Reply to post: What neural networks think ...

Silly Google's Photos app labelled black people as gorillas

John H Woods Silver badge

What neural networks think ...

Check out this Google Research Blog where they get some insight into what ANNs (artificial neural networks or "AI") have actually learned by feeding them random noise or images of clouds and (simplifying here) "asking them" to identify buildings or animals.

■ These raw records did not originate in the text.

lemma pos_if_deriv_pos_at_zeros:
  fixes f f' :: "real \<Rightarrow> real"
  assumes "a \<le> b"
    and deriv: "\<And>y. a \<le> y \<Longrightarrow> y \<le> b \<Longrightarrow> (f has_real_derivative f' y) (at y)"
    and "f a > 0"
    and crossing: "\<And>y. a < y \<Longrightarrow> y \<le> b \<Longrightarrow> f y = 0 \<Longrightarrow> f' y > 0"
  shows "f b > 0"
proof (rule ccontr)
  \<comment> \<open>f is negative just left of its first zero in [a, b], forcing an earlier zero\<close>
  assume "\<not> f b > 0"
  have cont: "continuous_on {a..b} f"
    using deriv by (intro DERIV_atLeastAtMost_imp_continuous_on) blast
  define Z where "Z = {y \<in> {a..b}. f y = 0}"
  obtain z0 where "a \<le> z0" "z0 \<le> b" "f z0 = 0"
    using IVT2'[of f b 0 a, OF _ _ \<open>a \<le> b\<close> cont] \<open>\<not> f b > 0\<close> \<open>f a > 0\<close> by auto
  then have "Z \<noteq> {}"
    unfolding Z_def by auto
  moreover have "closed Z"
    unfolding Z_def by (rule continuous_closed_preimage_constant[OF cont]) simp
  moreover have Z_bdd: "bdd_below Z"
    unfolding Z_def by (auto intro: bdd_belowI[of _ a])
  ultimately have "Inf Z \<in> Z"
    by (intro closed_contains_Inf)
  then have s: "a \<le> Inf Z" "Inf Z \<le> b" "f (Inf Z) = 0"
    unfolding Z_def by auto
  then have "a < Inf Z"
    using \<open>f a > 0\<close> by (metis order.order_iff_strict less_irrefl)
  then have "f' (Inf Z) > 0"
    using crossing s by simp
  then obtain d where "d > 0" and below: "\<And>h. h > 0 \<Longrightarrow> h < d \<Longrightarrow> f (Inf Z - h) < 0"
    using DERIV_pos_inc_left[OF deriv[OF s(1,2)]] s(3) by auto
  define h where "h = min d (Inf Z - a) / 2"
  have h: "0 < h" "h < d" "h < Inf Z - a"
    using \<open>d > 0\<close> \<open>a < Inf Z\<close> unfolding h_def by auto
  have "continuous_on {a..Inf Z - h} f"
    using s(2) h(1) by (intro continuous_on_subset[OF cont]) auto
  then obtain z where "a \<le> z" "z \<le> Inf Z - h" "f z = 0"
    using IVT2'[of f "Inf Z - h" 0 a] below[OF h(1,2)] \<open>f a > 0\<close> h(3) by auto
  then have "z \<in> Z"
    using s(2) h unfolding Z_def by auto
  then have "Inf Z \<le> z"
    using Z_bdd by (rule cInf_lower)
  with \<open>z \<le> Inf Z - h\<close> h(1) show False
    by linarith
qed

lemma DERIV_unique_on_open:
  fixes f g :: "real \<Rightarrow> real"
  assumes "open S" "x \<in> S" "\<And>y. y \<in> S \<Longrightarrow> f y = g y"
    and "(f has_real_derivative a) (at x)" "(g has_real_derivative b) (at x)"
  shows "a = b"
  using has_field_derivative_transform_within_open[OF assms(4,1,2,3)] assms(5) by (rule DERIV_unique)

locale bessel_ratio =
  fixes t :: real
  assumes order_gt: "t > -1"
begin

text \<open>J_(t+k)(r) = (r/2)^(t+k) B k (r^2/4) for r > 0.\<close>

definition B :: "nat \<Rightarrow> real \<Rightarrow> real" where
  "B k = bessel_series (t + real k)"
(* Let $N_q\ge 1$ and let $(U,|\vec{0}\rangle)$ be a stabilizer ansatz on $N_q$ qubits (as defined in the context). Then the number of real parameters of the ansatz is $N_p=2(2^{N_q}-1)$, which is the minimal number of real parameters needed to reach every $N_q$-qubit state, and the ansatz spans the entire Hilbert space: for every unit vector $|\phi\rangle\in\mathbb{C}^{2^{N_q}}$ there exist parameters $\vec{\theta}\in\mathbb{R}^{N_p}$ and a phase $\varphi\in\mathbb{R}$ with $U(\vec{\theta})|\vec{0}\rangle=e^{i\varphi}|\phi\rangle$.
   Context: Qubits are labelled $1,\dots,N_q$; states are unit vectors in $\mathbb{C}^{2^{N_q}}$ identified up to a global phase. Pauli operators are tensor products of $I,X,Y,Z$. An $[m,m]$ stabilizer group on qubits $1,\dots,m$ is an abelian group of $2^m$ Hermitian Pauli operators (with signs $\pm1$) on these qubits, generated by $m$ independent commuting Hermitian Pauli operators, not containing $-I$; its common eigenvectors form an orthonormal basis of the $m$-qubit space (for $m=0$ it is $\{I\}$). A stabilizer ansatz on $N_q$ qubits is specified by choosing, for each $n=1,\dots,N_q$: (1) an $[n-1,n-1]$ stabilizer group $\mathcal{S}^{(n)}$ acting on qubits $1,\dots,n-1$; (2) a single-qubit state $|s_n\rangle$ of qubit $n$; (3) two single-qubit Pauli operators $R^{(n)}_0,R^{(n)}_1$ acting on qubit $n$ with $\langle s_n|R^{(n)}_j|s_n\rangle=0$ for $j=0,1$ and $\mathrm{Trace}[R^{(n)}_0R^{(n)}_1]=0$. The starting state is $|\vec{0}\rangle=\otimes_{n=1}^{N_q}|s_n\rangle$, and the parametrized unitary is $U(\vec{\theta})=U^{(N_q)}\cdots U^{(2)}U^{(1)}$ (so $U^{(1)}$ acts first) with $U^{(n)}=\Big(\prod_{S\in\mathcal{S}^{(n)}}e^{i\theta^n_{S,1}R^{(n)}_1S}\Big)\Big(\prod_{S\in\mathcal{S}^{(n)}}e^{i\theta^n_{S,0}R^{(n)}_0S}\Big)$, where $R^{(n)}_jS$ denotes $R^{(n)}_j$ on qubit $n$ tensored with $S$ on qubits $1,\dots,n-1$ (identity elsewhere); there is one independent real parameter $\theta^n_{S,j}$ for each $n$, each $S\in\mathcal{S}^{(n)}$ and each $j\in\{0,1\}$. *)

theory Defs
  imports "HOL-Analysis.Analysis"
begin

text \<open>A d x d complex matrix is a function nat => nat => complex whose entries
  outside {0..<d} x {0..<d} are zero; a vector in C^d is a function nat => complex,
  only the entries below d being relevant.\<close>

type_synonym cmat = "nat \<Rightarrow> nat \<Rightarrow> complex"
type_synonym cvec = "nat \<Rightarrow> complex"

definition idm :: "nat \<Rightarrow> cmat" where
  "idm d = (\<lambda>i j. if i = j \<and> i < d then 1 else 0)"

definition mmul :: "nat \<Rightarrow> cmat \<Rightarrow> cmat \<Rightarrow> cmat" where
  "mmul d A B = (\<lambda>i j. if i < d \<and> j < d then (\<Sum>k<d. A i k * B k j) else 0)"

definition mvec :: "nat \<Rightarrow> cmat \<Rightarrow> cvec \<Rightarrow> cvec" where
  "mvec d A v = (\<lambda>i. if i < d then (\<Sum>k<d. A i k * v k) else 0)"

fun mpow :: "nat \<Rightarrow> cmat \<Rightarrow> nat \<Rightarrow> cmat" where
  "mpow d A 0 = idm d"
| "mpow d A (Suc k) = mmul d A (mpow d A k)"

fun mprodl :: "nat \<Rightarrow> cmat list \<Rightarrow> cmat" where
  "mprodl d [] = idm d"
| "mprodl d (A # As) = mmul d A (mprodl d As)"
lemma transversal_images_separating_direction:
  fixes A1 A2 :: "real^'d^'d" and g1 g2 :: "real^'d"
  assumes inv: "invertible A1" "invertible A2"
    and transv: "\<not> (\<exists>S. subspace S \<and> dim S = CARD('d) \<and>
          S \<subseteq> (\<lambda>(a, b). (A1 *v a, g1 \<bullet> a + b)) ` cone C \<inter> (\<lambda>(a, b). (A2 *v a, g2 \<bullet> a + b)) ` cone C)"
  obtains w where "w \<noteq> 0"
    and "\<bar>g1 \<bullet> (matrix_inv A1 *v w) - g2 \<bullet> (matrix_inv A2 *v w)\<bar>
           > C * (norm (matrix_inv A1 *v w) + norm (matrix_inv A2 *v w))"
proof -
  define M1 where "M1 = matrix_inv A1"
  define M2 where "M2 = matrix_inv A2"
  have "\<exists>w. w \<noteq> 0 \<and> \<bar>g1 \<bullet> (M1 *v w) - g2 \<bullet> (M2 *v w)\<bar> > C * (norm (M1 *v w) + norm (M2 *v w))"
  proof (rule ccontr)
    assume "\<nexists>w. w \<noteq> 0 \<and> \<bar>g1 \<bullet> (M1 *v w) - g2 \<bullet> (M2 *v w)\<bar> > C * (norm (M1 *v w) + norm (M2 *v w))"
    then have close: "\<bar>g1 \<bullet> (M1 *v w) - g2 \<bullet> (M2 *v w)\<bar> \<le> C * (norm (M1 *v w) + norm (M2 *v w))" for w
      by (cases "w = 0") (auto simp: not_less)
    have "C \<ge> 0"
    proof (rule ccontr)
      assume "\<not> C \<ge> 0"
      have "A1 *v (M1 *v 1) = 1"
        using matrix_inv_right[OF inv(1)] by (simp add: M1_def matrix_vector_mul_assoc)
      then have "M1 *v 1 \<noteq> 0"
        by (metis matrix_vector_mult_0_right zero_neq_one)
      then have "C * (norm (M1 *v 1) + norm (M2 *v 1)) < 0"
        using \<open>\<not> C \<ge> 0\<close> by (intro mult_neg_pos) (auto intro: add_pos_nonneg)
      then show False using close[of "1"] by linarith
    qed
    then obtain u where u1: "\<And>w. \<bar>u \<bullet> w - (transpose M1 *v g1) \<bullet> w\<bar> \<le> C * norm (M1 *v w)"
      and u2: "\<And>w. \<bar>u \<bullet> w - (transpose M2 *v g2) \<bullet> w\<bar> \<le> C * norm (M2 *v w)"
      using functional_between_close_functionals[of C "transpose M1 *v g1" "transpose M2 *v g2" M1 M2]
        close by (auto simp: dot_lmul_matrix)
    have "range (\<lambda>w. (w, u \<bullet> w))
        \<subseteq> (\<lambda>(a, b). (A1 *v a, g1 \<bullet> a + b)) ` cone C \<inter> (\<lambda>(a, b). (A2 *v a, g2 \<bullet> a + b)) ` cone C"
    proof (clarify, intro IntI)
      fix w
      show "(w, u \<bullet> w) \<in> (\<lambda>(a, b). (A1 *v a, g1 \<bullet> a + b)) ` cone C"
        using u1[of w] by (simp add: shear_image_cone_iff[OF matrix_inv_left[OF inv(1)]] M1_def dot_lmul_matrix)
      show "(w, u \<bullet> w) \<in> (\<lambda>(a, b). (A2 *v a, g2 \<bullet> a + b)) ` cone C"
        using u2[of w] by (simp add: shear_image_cone_iff[OF matrix_inv_left[OF inv(2)]] M2_def dot_lmul_matrix)
    qed
    then show False
      using transv graph_of_functional_subspace by blast
  qed
  then show ?thesis using that unfolding M1_def M2_def by blast
qed

lemma line_of_strict_domination:
  fixes F :: "'a::euclidean_space \<Rightarrow> real" and G1 G2 :: "'a \<Rightarrow> 'b::real_normed_vector"
  assumes "linear F" "linear G1" "linear G2" "w \<noteq> 0"
    and dom: "\<bar>F w\<bar> > C * (norm (G1 w) + norm (G2 w))"
  shows "\<exists>L. subspace L \<and> dim L = 1 \<and> (\<forall>v\<in>L - {0}. \<bar>F v\<bar> > C * (norm (G1 v) + norm (G2 v)))"
proof (intro exI conjI ballI)
  show "subspace (span {w})" "dim (span {w}) = 1"
    using \<open>w \<noteq> 0\<close> by (auto simp: subspace_span)
  fix v assume "v \<in> span {w} - {0}"
  then obtain t where t: "v = t *\<^sub>R w" "t \<noteq> 0" by (auto simp: span_singleton)
  have Fv: "\<bar>F v\<bar> = \<bar>t\<bar> * \<bar>F w\<bar>"
    using assms(1) by (simp add: t(1) linear_scale abs_mult)
  have Gv: "C * (norm (G1 v) + norm (G2 v)) = \<bar>t\<bar> * (C * (norm (G1 w) + norm (G2 w)))"
    using assms(2,3) by (simp add: t(1) linear_scale distrib_left mult.left_commute)
  show "\<bar>F v\<bar> > C * (norm (G1 v) + norm (G2 v))"
    unfolding Fv Gv using mult_strict_left_mono[OF dom, of "\<bar>t\<bar>"] t(2) by simp
qed

definition cylinder :: "(real^'d) set \<Rightarrow> (real^'d \<Rightarrow> real^'d) \<Rightarrow> (real^'d) set list \<Rightarrow> (real^'d) set"
  where "cylinder X T ws = {x\<in>X. \<forall>j<length ws. (T ^^ j) x \<in> ws ! j}"

lemma refinement_eq_cylinder:
  assumes "\<omega> \<in> refinement X P T n"
  obtains ws where "length ws = n" "set ws \<subseteq> P" "\<omega> = cylinder X T ws"
  using assms unfolding refinement_def cylinder_def by auto

lemma cylinder_snoc: "cylinder X T (ws @ [w]) = {x \<in> cylinder X T ws. (T ^^ length ws) x \<in> w}"
  by (auto simp: cylinder_def nth_append less_Suc_eq)

lemma has_derivative_funpow:
  fixes T :: "real^'d \<Rightarrow> real^'d"
  assumes "\<forall>i<j. (T has_derivative (\<lambda>h. DT ((T ^^ i) x) *v h)) (at ((T ^^ i) x))"
  shows "((T ^^ j) has_derivative (\<lambda>h. DTpow T DT j x *v h)) (at x)"
  using assms
proof (induction j)
  case 0
  then show ?case by (simp add: has_derivative_id[unfolded id_def])
next
  case (Suc j)
  have "((T \<circ> T ^^ j) has_derivative ((\<lambda>h. DT ((T ^^ j) x) *v h) \<circ> (\<lambda>h. DTpow T DT j x *v h))) (at x)"
    using Suc by (intro diff_chain_at) auto
  then show ?case by (simp add: o_def matrix_vector_mul_assoc)
qed

lemma invertible_DTpow:
  assumes "\<forall>i<j. invertible (DT ((T ^^ i) x))"
  shows "invertible (DTpow T DT j x)"
  using assms
proof (induction j)
  case 0
  then show ?case by (simp add: invertible_def)
next
  case (Suc j)
  then show ?case by (simp add: invertible_mult)
qed

lemma C1_diffeo_on_invertible:
  assumes "open w" "C1_diffeo_on T DT w" "x \<in> w"
  shows "invertible (DT x)"
proof -
  from assms(2) obtain g Dg where Td: "\<forall>x\<in>w. (T has_derivative (\<lambda>h. DT x *v h)) (at x)"
    and gT: "\<forall>x\<in>w. g (T x) = x"
    and gd: "\<forall>y\<in>T ` w. (g has_derivative (\<lambda>h. Dg y *v h)) (at y)"
    unfolding C1_diffeo_on_def by blast
  have "((g \<circ> T) has_derivative ((\<lambda>h. Dg (T x) *v h) \<circ> (\<lambda>h. DT x *v h))) (at x)"
    using Td gd assms(3) by (intro diff_chain_at) auto
  moreover have "((g \<circ> T) has_derivative id) (at x)"
    by (rule has_derivative_transform_within_open[OF has_derivative_id assms(1,3)]) (use gT in simp)
  ultimately have "(\<lambda>h. Dg (T x) *v h) \<circ> (\<lambda>h. DT x *v h) = id"
    by (rule has_derivative_unique)
  then have "Dg (T x) ** DT x = mat 1"
    by (simp add: matrix_eq fun_eq_iff matrix_vector_mul_assoc)
  then show ?thesis
    using invertible_left_inverse by blast
qed

context
  fixes X :: "(real^'d) set" and T :: "real^'d \<Rightarrow> real^'d" and DT :: "real^'d \<Rightarrow> real^'d^'d"
    and ws :: "(real^'d) set list"
  assumes branches: "\<forall>w\<in>set ws. open w \<and> C1_diffeo_on T DT w"
begin

lemma cylinder_has_derivative_funpow:
  assumes "x \<in> cylinder X T ws" "j \<le> length ws"
  shows "((T ^^ j) has_derivative (\<lambda>h. DTpow T DT j x *v h)) (at x)"
proof (rule has_derivative_funpow, intro allI impI)
  fix i assume "i < j"
  then have "(T ^^ i) x \<in> ws ! i" "ws ! i \<in> set ws"
    using assms by (auto simp: cylinder_def)
  then show "(T has_derivative (\<lambda>h. DT ((T ^^ i) x) *v h)) (at ((T ^^ i) x))"
    using branches unfolding C1_diffeo_on_def by blast
qed

lemma cylinder_invertible_DTpow:
  assumes "x \<in> cylinder X T ws"
  shows "invertible (DTpow T DT (length ws) x)"
proof (rule invertible_DTpow, intro allI impI)
  fix i assume "i < length ws"
  then have "(T ^^ i) x \<in> ws ! i" "ws ! i \<in> set ws"
    using assms by (auto simp: cylinder_def)
  then show "invertible (DT ((T ^^ i) x))"
    using branches C1_diffeo_on_invertible by blast
qed

lemma cylinder_has_derivative_tau_n:
  fixes \<tau> :: "real^'d \<Rightarrow> real" and D\<tau> :: "real^'d \<Rightarrow> real^'d"
  assumes "\<forall>w\<in>set ws. w \<subseteq> X"
    and tau_deriv: "\<forall>x\<in>X. (\<tau> has_derivative (\<lambda>h. D\<tau> x \<bullet> h)) (at x)"
    and x: "x \<in> cylinder X T ws"
  shows "(tau_n T \<tau> (length ws) has_derivative (\<lambda>h. Dtau_n T DT D\<tau> (length ws) x \<bullet> h)) (at x)"
proof -
  have "((\<lambda>y. \<tau> ((T ^^ j) y)) has_derivative (\<lambda>h. D\<tau> ((T ^^ j) x) \<bullet> (DTpow T DT j x *v h))) (at x)"
    if "j < length ws" for j
  proof -
    have "(T ^^ j) x \<in> X"
      using that x assms(1) by (force simp: cylinder_def)
    then have "(\<tau> has_derivative (\<lambda>h. D\<tau> ((T ^^ j) x) \<bullet> h)) (at ((T ^^ j) x))"
      using tau_deriv by blast
    from diff_chain_at[OF cylinder_has_derivative_funpow[OF x] this] show ?thesis
      using that by (simp add: o_def)
  qed
  then have "((\<lambda>y. \<Sum>j<length ws. \<tau> ((T ^^ j) y)) has_derivative
      (\<lambda>h. \<Sum>j<length ws. D\<tau> ((T ^^ j) x) \<bullet> (DTpow T DT j x *v h))) (at x)"
    by (intro has_derivative_sum) auto
  then show ?thesis
    unfolding tau_n_def[abs_def] Dtau_n_def by (simp add: inner_sum_left dot_lmul_matrix)
qed

lemma continuous_on_cylinder_funpow:
  assumes "j \<le> length ws"
  shows "continuous_on (cylinder X T ws) (T ^^ j)"
  using cylinder_has_derivative_funpow[OF _ assms]
  by (intro continuous_at_imp_continuous_on) (blast dest: has_derivative_continuous)

end

lemma open_cylinder:
  assumes "open X" "\<forall>w\<in>set ws. open w \<and> C1_diffeo_on T DT w"
  shows "open (cylinder X T ws)"
  using assms(2)
proof (induction ws rule: rev_induct)
  case Nil
  then show ?case using assms(1) by (simp add: cylinder_def)
next
  case (snoc w ws)
  have "cylinder X T (ws @ [w]) = cylinder X T ws \<inter> (T ^^ length ws) -` w"
    by (auto simp: cylinder_snoc)
  moreover have "continuous_on (cylinder X T ws) (T ^^ length ws)"
    using snoc.prems by (intro continuous_on_cylinder_funpow) auto
  ultimately show ?case
    using snoc by (auto intro: continuous_open_preimage)
qed

lemma inj_on_cylinder_funpow:
  assumes "\<forall>w\<in>set ws. inj_on T w"
  shows "inj_on (T ^^ length ws) (cylinder X T ws)"
  using assms
proof (induction ws rule: rev_induct)
  case Nil
  then show ?case by simp
next
  case (snoc w ws)
  show ?case
  proof (rule inj_onI)
    fix x x' assume x: "x \<in> cylinder X T (ws @ [w])" and x': "x' \<in> cylinder X T (ws @ [w])"
      and eq: "(T ^^ length (ws @ [w])) x = (T ^^ length (ws @ [w])) x'"
    then have "(T ^^ length ws) x = (T ^^ length ws) x'"
      using snoc.prems by (auto simp: cylinder_snoc dest: inj_onD)
    then show "x = x'"
      using snoc x x' by (auto simp: cylinder_snoc dest: inj_onD)
  qed
qed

The identification is, without the G-word, one of dark skinned higher apes and, on a naive level, this is not really a failure: the gorillas, the chimpanzees and the bonobos are our closest living relatives. And by close, I mean really close, on a deep genetic level. The connotations of the word are terrible, but that is because of centuries of human racism, not because ANNs (or Google) are "racist". The reason white people aren't identified as such is because we are the mutants who lost our ability to produce large amounts of melanin, resulting in a very obvious visual difference: one which, to ANNs, can appear much more significant than it really is. In fact, it just means we can tolerate cooler climes somewhat better and intense sunlight a hell of a lot worse. They'll have pulled the ANN now, but I'll bet that a 'negative' of a group of white people would also have produced the same result.

Where other visual indicators are more significant, the ANN picks that. Note that, despite the subject not being white, the last picture in the tweet is correctly identified as being one of a graduation.